Des archéologues ont fait une découverte macabre en 2008 : ils ont exhumé les ossements d’une famille de treize personnes, portant des traces de blessures infligées par d’autres humains et datant de - 4 600 ans, comme le rapporte une publication des Comptes-rendus de l’Académie nationale des sciences des États-Unis d’Amérique (PNAS). De nombreux squelettes de femmes et d’hommes du milieu du Pléistocène (- 2,6 millions d’années à - 11 700 ans) en Afrique, en Asie et en Europe comportent de tels traumatismes anatomiques, notamment crâniens. Sur plusieurs continents, dissimulés dans le sol ou sur les murs de cavernes, d’abondants vestiges témoignent de notre préhistoire sanglante. Ces signes de l’ancestralité de la violence humaine ont été analysés par l’anthropologue Lawrence Keeley, pour conclure que la guerre serait un phénomène universel. Trois enquêtes menées à l’échelon planétaire et auprès d’échantillons représentatifs de sociétés tribales et étatiques indiquaient que les formes extrêmes d’agression et les conflits armés touchaient 90 à 95 % des sociétés humaines connues.

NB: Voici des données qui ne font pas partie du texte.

(* Let $A\in\mathbb{R}^{m\times n}$ with $A\geq 0$ and $A^{\dagger}\geq 0$, and let $(U_k^{(i)},V_k^{(i)},E_k)_{k=1}^{p}$, $i=1,2$, be two proper weak regular multisplittings of $A$ (with the same weighting matrices $E_k$) such that $R(E_k)\subseteq R(A^{T})$ for each $k=1,\ldots,p$. If $[U_k^{(1)}]^{\dagger}\geq[U_k^{(2)}]^{\dagger}$ for each $k=1,\ldots,p$, then $\rho(H_1)\leq\rho(H_2)<1$, where $H_i=\sum_{k=1}^{p}E_k[U_k^{(i)}]^{\dagger}V_k^{(i)}$ for $i=1,2$.
   Context: $A^{\dagger}$ denotes the Moore–Penrose inverse, $\rho(\cdot)$ the spectral radius, $R(\cdot)$, $N(\cdot)$ range and null space; inequalities are entrywise. A splitting $A=U-V$ is proper if $R(U)=R(A)$ and $N(U)=N(A)$; a proper splitting is proper weak regular if $U^{\dagger}\geq 0$ and $U^{\dagger}V\geq 0$. A proper weak regular multisplitting of $A$ is a triplet $(U_k,V_k,E_k)_{k=1}^{p}$ where each $A=U_k-V_k$ is a proper weak regular splitting and each $E_k\geq 0$ is an $n\times n$ diagonal matrix with $\sum_{k=1}^{p}E_k=I_n$. *)

theory Defs
  imports "Jordan_Normal_Form.Spectral_Radius"
begin

definition nonneg_mat :: "real mat \<Rightarrow> bool" where
  "nonneg_mat A \<longleftrightarrow> (\<forall>i < dim_row A. \<forall>j < dim_col A. A $$ (i, j) \<ge> 0)"

definition mat_ge :: "real mat \<Rightarrow> real mat \<Rightarrow> bool" where
  "mat_ge A B \<longleftrightarrow> dim_row A = dim_row B \<and> dim_col A = dim_col B \<and>
     (\<forall>i < dim_row A. \<forall>j < dim_col A. A $$ (i, j) \<ge> B $$ (i, j))"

Les violences mortelles ont cependant eu tendance à diminuer au fil de l’histoire. Le criminologue Manuel Eisner a montré que l’on comptait 40 homicides pour 100 000 habitants au 15e siècle dans les grandes villes européennes. Au début du troisième millénaire, il s’élève désormais à environ 1 pour 100 000 dans notre pays. Concernant d’autres formes de violence, diverses enquêtes confirment que l’image médiatique d’une épidémie doit être relativisée. S’il est indéniable que certaines formes d’agression se sont récemment développées (par exemple, le cyberharcèlement), une intolérance croissante pour les violences physiques et verbales et une plus grande préoccupation pour leurs victimes se manifestent aujourd’hui dans de nombreux pays.
On peut définir une agression (synonyme de violence dans ce texte) comme un comportement dont le but est de blesser délibérément une personne motivée à se soustraire à ce traitement. On peut en distinguer le caractère physique ou verbal, la dimension active (un coup de poing) ou passive (une omission volontaire et mal intentionnée) et le caractère direct (présence personnelle de la victime) ou indirect (propagation de rumeurs). Lorsqu’une agression est hostile, elle vise à infliger une souffrance ou à causer du tort à autrui, répondant souvent à une irritation circonstancielle ou à une injustice perçue. L’agression instrumentale correspond quant à elle à un comportement par lequel l’appropriation d’une ressource (territoriale, énergique, matérielle) ou l’expression d’une revendication statutaire sont prioritaires : ce n’est pas ses victimes qui sont visées mais un but tangible qui peut être matériel ou social comme le respect ou un regain de statut.